Centres for Doctoral Training

Augmenting human decision-making and learning via physiologically-informed AI

Supervisors:

Marios Philiastides, MVLS - School of Psychology & Neuroscience  

Fani Deligiani, CoSE, Computer Science 

Christoph Daube, MVLS - School of Psychology & Neuroscience  

 

Project Summary:

Recent advances in machine learning, particularly the integration of deep learning and reinforcement learning into deep reinforcement learning (DRL), have created powerful AI systems capable of learning state–action policies in complex environments. However, major challenges remain in integrating AI agents into teams with humans, where effective collaboration requires sensitivity to human cognitive, emotional, and physiological states. This project will develop a closed-loop, physiologically informed AI platform that uses neural, systemic physiological, and affective signals—such as EEG, arousal, and stress markers—to infer latent cognitive and emotional states during naturalistic decision-making tasks.

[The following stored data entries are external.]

(* Let $G$ be a connected graph, let $uv\in E(G)$, and let $G'$ be the graph obtained from $G$ by subdividing the edge $uv$ three times (i.e., replacing the edge $uv$ by a path $u x_1 x_2 x_3 v$ with three new vertices $x_1,x_2,x_3$). If $\gamma^{d}_2(G)\leq \frac{|V(G)|}{3}$, then $\gamma^{d}_2(G')\leq \frac{|V(G')|}{3}$.
   Context: All graphs are finite and simple. A set $S$ of vertices of a graph $G$ is a disjunctive dominating set of $G$ if every vertex not in $S$ is adjacent to a vertex of $S$ or has at least two vertices of $S$ at distance exactly $2$ from it in $G$. The disjunctive domination number $\gamma^{d}_2(G)$ is the minimum cardinality of a disjunctive dominating set of $G$. *)

theory Defs
  imports Complex_Main
begin

definition simple_graph :: "'a set \<Rightarrow> ('a \<Rightarrow> 'a \<Rightarrow> bool) \<Rightarrow> bool" where
  "simple_graph V E \<longleftrightarrow> finite V \<and> (\<forall>x y. E x y \<longrightarrow> x \<in> V \<and> y \<in> V)
     \<and> (\<forall>x y. E x y \<longrightarrow> E y x) \<and> (\<forall>x. \<not> E x x)"

fun walk :: "('a \<Rightarrow> 'a \<Rightarrow> bool) \<Rightarrow> nat \<Rightarrow> 'a \<Rightarrow> 'a \<Rightarrow> bool" where
  "walk E 0 x y \<longleftrightarrow> x = y"
| "walk E (Suc n) x y \<longleftrightarrow> (\<exists>z. E x z \<and> walk E n z y)"
(* Let $\lambda\in Y^{++}$, $\nu\in Y^+$ and $u\in W^v$. Then the set $\{\mu\in W^v\lambda:\nu\in R_u(\mu)\}$ is finite.
   Context: $I$ finite, $A$ a generalized Cartan matrix, $Y$ a free $\mathbb Z$-module of finite rank with free family $(\alpha_i^\vee)_{i\in I}$ and $\alpha_i\in\mathrm{Hom}(Y,\mathbb Z)$ with $\alpha_j(\alpha_i^\vee)=a_{i,j}$; $\mathbb A=Y\otimes\mathbb R$; $r_i(v)=v-\alpha_i(v)\alpha_i^\vee$; $W^v=\langle r_i\rangle$; $Q^\vee=\bigoplus\mathbb Z\alpha_i^\vee$; $C^v_f=\{\alpha_i>0\ \forall i\}$, $\mathcal T=\bigcup_w w\overline{C^v_f}$, $Y^+=Y\cap\mathcal T$, $Y^{++}=Y\cap\overline{C^v_f}$. For $E\subset Y$, $R_i(E)=\mathrm{conv}(E\cup r_i(E))\cap(E+Q^\vee)$; for $w\in W^v$, $\mu\in Y$, $R_w(\mu)=\bigcup R_{i_1}(\cdots R_{i_k}(\{\mu\})\cdots)$ over all reduced expressions $w=r_{i_1}\cdots r_{i_k}$. *)

theory Defs
  imports "HOL-Analysis.Analysis"
begin

(* Y = int^'d (free Z-module of finite rank), A = Y (x) R = real^'d.
   Coroots alphav i :: int^'d ; roots alpha i :: int^'d, acting by
   alpha_i(y) = sum_k alpha i $ k * y $ k  (every element of Hom(Y,Z) has this form). *)

definition gen_cartan :: "('i \<Rightarrow> 'i \<Rightarrow> int) \<Rightarrow> bool" where
  "gen_cartan A \<longleftrightarrow> (\<forall>i. A i i = 2) \<and> (\<forall>i j. i \<noteq> j \<longrightarrow> A i j \<le> 0)
     \<and> (\<forall>i j. A i j = 0 \<longleftrightarrow> A j i = 0)"

definition pairY :: "int^'d \<Rightarrow> int^'d \<Rightarrow> int" where
  "pairY a y = (\<Sum>k\<in>UNIV. a $ k * y $ k)"

definition pairA :: "int^'d \<Rightarrow> real^'d \<Rightarrow> real" where
  "pairA a x = (\<Sum>k\<in>UNIV. real_of_int (a $ k) * x $ k)"

definition embY :: "int^'d \<Rightarrow> real^'d" where
  "embY y = (\<chi> k. real_of_int (y $ k))"

definition root_datum :: "('i::finite \<Rightarrow> 'i \<Rightarrow> int) \<Rightarrow> ('i \<Rightarrow> int^'d) \<Rightarrow> ('i \<Rightarrow> int^'d) \<Rightarrow> bool" where
  "root_datum A alphav alpha \<longleftrightarrow> gen_cartan A
     \<and> (\<forall>c::'i \<Rightarrow> int. (\<Sum>i\<in>UNIV. c i *s alphav i) = 0 \<longrightarrow> (\<forall>i. c i = 0))
     \<and> (\<forall>i j. pairY (alpha j) (alphav i) = A i j)"

definition reflA :: "('i \<Rightarrow> int^'d) \<Rightarrow> ('i \<Rightarrow> int^'d) \<Rightarrow> 'i \<Rightarrow> real^'d \<Rightarrow> real^'d" where
  "reflA alphav alpha i v = v - pairA (alpha i) v *\<^sub>R embY (alphav i)"

definition reflY :: "('i \<Rightarrow> int^'d) \<Rightarrow> ('i \<Rightarrow> int^'d) \<Rightarrow> 'i \<Rightarrow> int^'d \<Rightarrow> int^'d" where
  "reflY alphav alpha i y = y - pairY (alpha i) y *s alphav i"

definition word_act :: "('i \<Rightarrow> int^'d) \<Rightarrow> ('i \<Rightarrow> int^'d) \<Rightarrow> 'i list \<Rightarrow> real^'d \<Rightarrow> real^'d" where
  "word_act alphav alpha ws = foldr (\<lambda>i f. reflA alphav alpha i \<circ> f) ws id"

definition Wv :: "('i \<Rightarrow> int^'d) \<Rightarrow> ('i \<Rightarrow> int^'d) \<Rightarrow> (real^'d \<Rightarrow> real^'d) set" where
  "Wv alphav alpha = {word_act alphav alpha ws | ws. True}"

definition reduced_expr :: "('i \<Rightarrow> int^'d) \<Rightarrow> ('i \<Rightarrow> int^'d) \<Rightarrow> (real^'d \<Rightarrow> real^'d) \<Rightarrow> 'i list \<Rightarrow> bool" where
  "reduced_expr alphav alpha w ws \<longleftrightarrow> word_act alphav alpha ws = w
     \<and> (\<forall>ws'. word_act alphav alpha ws' = w \<longrightarrow> length ws \<le> length ws')"

definition Qvee :: "('i::finite \<Rightarrow> int^'d) \<Rightarrow> (int^'d) set" where
  "Qvee alphav = {\<Sum>i\<in>UNIV. n i *s alphav i | n. True}"

definition Ri :: "('i::finite \<Rightarrow> int^'d) \<Rightarrow> ('i \<Rightarrow> int^'d) \<Rightarrow> 'i \<Rightarrow> (int^'d) set \<Rightarrow> (int^'d) set" where
  "Ri alphav alpha i E = {y. (\<exists>e\<in>E. \<exists>q\<in>Qvee alphav. y = e + q)
      \<and> embY y \<in> convex hull (embY ` (E \<union> reflY alphav alpha i ` E))}"

definition Rw :: "('i::finite \<Rightarrow> int^'d) \<Rightarrow> ('i \<Rightarrow> int^'d) \<Rightarrow> (real^'d \<Rightarrow> real^'d) \<Rightarrow> int^'d \<Rightarrow> (int^'d) set" where
  "Rw alphav alpha w mu = (\<Union>ws\<in>{ws. reduced_expr alphav alpha w ws}.
      foldr (Ri alphav alpha) ws {mu})"

definition Cvf :: "('i \<Rightarrow> int^'d) \<Rightarrow> (real^'d) set" where
  "Cvf alpha = {x. \<forall>i. pairA (alpha i) x > 0}"

definition tits_cone :: "('i \<Rightarrow> int^'d) \<Rightarrow> ('i \<Rightarrow> int^'d) \<Rightarrow> (real^'d) set" where
  "tits_cone alphav alpha = (\<Union>w\<in>Wv alphav alpha. w ` closure (Cvf alpha))"

definition Yplus :: "('i \<Rightarrow> int^'d) \<Rightarrow> ('i \<Rightarrow> int^'d) \<Rightarrow> (int^'d) set" where
  "Yplus alphav alpha = {y. embY y \<in> tits_cone alphav alpha}"

definition Yplusplus :: "('i \<Rightarrow> int^'d) \<Rightarrow> (int^'d) set" where
  "Yplusplus alpha = {y. embY y \<in> closure (Cvf alpha)}"

definition Worbit :: "('i \<Rightarrow> int^'d) \<Rightarrow> ('i \<Rightarrow> int^'d) \<Rightarrow> int^'d \<Rightarrow> (int^'d) set" where
  "Worbit alphav alpha lam = {mu. \<exists>w\<in>Wv alphav alpha. embY mu = w (embY lam)}"

end

theory Submission
  imports Defs
begin

text \<open>The coroots are linearly independent, so there is a linear height function \<open>ht\<close> with
  \<open>ht(\<alpha>\<^sub>i\<^sup>\<or>) = 1\<close>. The classical fact behind the proof is that \<open>w(\<alpha>\<^sub>i\<^sup>\<or>)\<close> is a nonnegative
  combination of coroots whenever \<open>\<ell>(w r\<^sub>i) \<ge> \<ell>(w)\<close>; by induction on \<open>\<ell>(w)\<close> it reduces to a
  rank-2 subgroup \<open>\<langle>r\<^sub>i, r\<^sub>j\<rangle>\<close>, where it is a computation (an inductive invariant if
  \<open>a\<^sub>i\<^sub>j a\<^sub>j\<^sub>i \<ge> 4\<close>, the braid relation otherwise). Hence \<open>\<lambda> - w\<lambda>\<close> is a nonnegative integer
  combination of coroots for dominant \<open>\<lambda>\<close>. Since \<open>R\<^sub>i\<close> only adds convex combinations with
  \<open>r\<^sub>i\<close>-images, \<open>\<nu> \<in> R\<^sub>u(\<mu>)\<close> lies in the convex hull of the points \<open>v\<mu>\<close> with \<open>\<ell>(v) \<le> \<ell>(u)\<close>, so
  one of them has height at least \<open>ht(\<nu>)\<close>. Writing \<open>\<lambda> - v\<mu> = \<Sum> n\<^sub>k \<alpha>\<^sub>k\<^sup>\<or>\<close> with
  \<open>0 \<le> n\<^sub>k \<le> ht(\<lambda>) - ht(\<nu>)\<close> leaves finitely many pairs \<open>(v, n)\<close>, and each determines \<open>\<mu>\<close>.\<close>

lemma linear_pairA: "linear (pairA a)"
  unfolding pairA_def by (rule linearI) (simp_all add: sum.distrib sum_distrib_left algebra_simps)

lemmas pairA_add = linear_add[OF linear_pairA]
  and pairA_diff = linear_diff[OF linear_pairA]
  and pairA_scaleR = linear_scale[OF linear_pairA]

lemma pairA_zero [simp]: "pairA a 0 = 0"
  using linear_0[OF linear_pairA] .

lemma pairA_embY: "pairA a (embY y) = of_int (pairY a y)"
  unfolding pairA_def pairY_def embY_def by simp

lemma continuous_on_pairA: "continuous_on S (pairA a)"
  unfolding pairA_def by (intro continuous_intros)

lemma pairA_nonneg_on_closure_Cvf:
  assumes "x \<in> closure (Cvf alpha)"
  shows "0 \<le> pairA (alpha k) x"
proof -
  have "closure (Cvf alpha) \<subseteq> {x. 0 \<le> pairA (alpha k) x}"
  proof (rule closure_minimal)
    show "Cvf alpha \<subseteq> {x. 0 \<le> pairA (alpha k) x}"
      unfolding Cvf_def by (auto intro: less_imp_le)
    show "closed {x. 0 \<le> pairA (alpha k) x}"
      by (rule closed_Collect_le[OF continuous_on_const continuous_on_pairA])
  qed
  then show ?thesis using assms by auto
qed

lemma embY_add: "embY (x + y) = embY x + embY y"
  and embY_diff: "embY (x - y) = embY x - embY y"
  and embY_scale: "embY (c *s x) = of_int c *\<^sub>R embY x"
  and embY_zero [simp]: "embY 0 = 0"
  unfolding embY_def by (simp_all add: vec_eq_iff)

lemma embY_sum: "embY (\<Sum>k\<in>S. f k) = (\<Sum>k\<in>S. embY (f k))"
  by (induction S rule: infinite_finite_induct) (auto simp: embY_add)

lemma inj_embY: "inj embY"
  by (rule injI) (simp add: embY_def vec_eq_iff)

lemma word_act_Nil [simp]: "word_act av al [] = id"
  and word_act_Cons [simp]: "word_act av al (i # ws) = reflA av al i \<circ> word_act av al ws"
  unfolding word_act_def by simp_all

lemma word_act_append: "word_act av al (ws @ vs) = word_act av al ws \<circ> word_act av al vs"
  by (induction ws) auto

lemma word_act_in_Wv [simp]: "word_act av al ws \<in> Wv av al"
  unfolding Wv_def by auto

lemma linear_reflA: "linear (reflA av al i)"
  by (rule linearI) (simp_all add: reflA_def pairA_add pairA_scaleR algebra_simps)

lemma linear_word_act: "linear (word_act av al ws)"
proof (induction ws)
  case (Cons i ws)
  then show ?case using linear_compose[OF Cons.IH linear_reflA] by (simp add: o_def)
qed (simp add: id_def linear_ident)

lemma linear_Wv: "w \<in> Wv av al \<Longrightarrow> linear w"
  unfolding Wv_def using linear_word_act by auto

lemma convex_hull_linear_le_point:
  fixes h :: "'a::real_vector \<Rightarrow> real"
  assumes "linear h" and "x \<in> convex hull S"
  obtains y where "y \<in> S" and "h x \<le> h y"
proof (rule ccontr)
  assume "\<not> thesis"
  with that have "S \<subseteq> h -` {..<h x}" by force
  moreover have "convex (h -` {..<h x})"
    using convex_linear_vimage[OF assms(1)] by simp
  ultimately have "convex hull S \<subseteq> h -` {..<h x}" by (rule hull_minimal)
  then show False using assms(2) by auto
qed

These inferred (latent) states will be detected online through a closed-loop brain–computer interface and converted into rich reinforcement signals for training DRL agents. By dynamically learning from these signals, the AI agent will begin to model human intentions – an emerging form of machine “theory of mind” – and ultimately help inform upcoming human behaviour. The ultimate goal is to close the human–AI interaction loop: enabling the AI agent to feed predictions and adaptive support back to human users in real time, thereby augmenting decision-making, performance, and social coordination.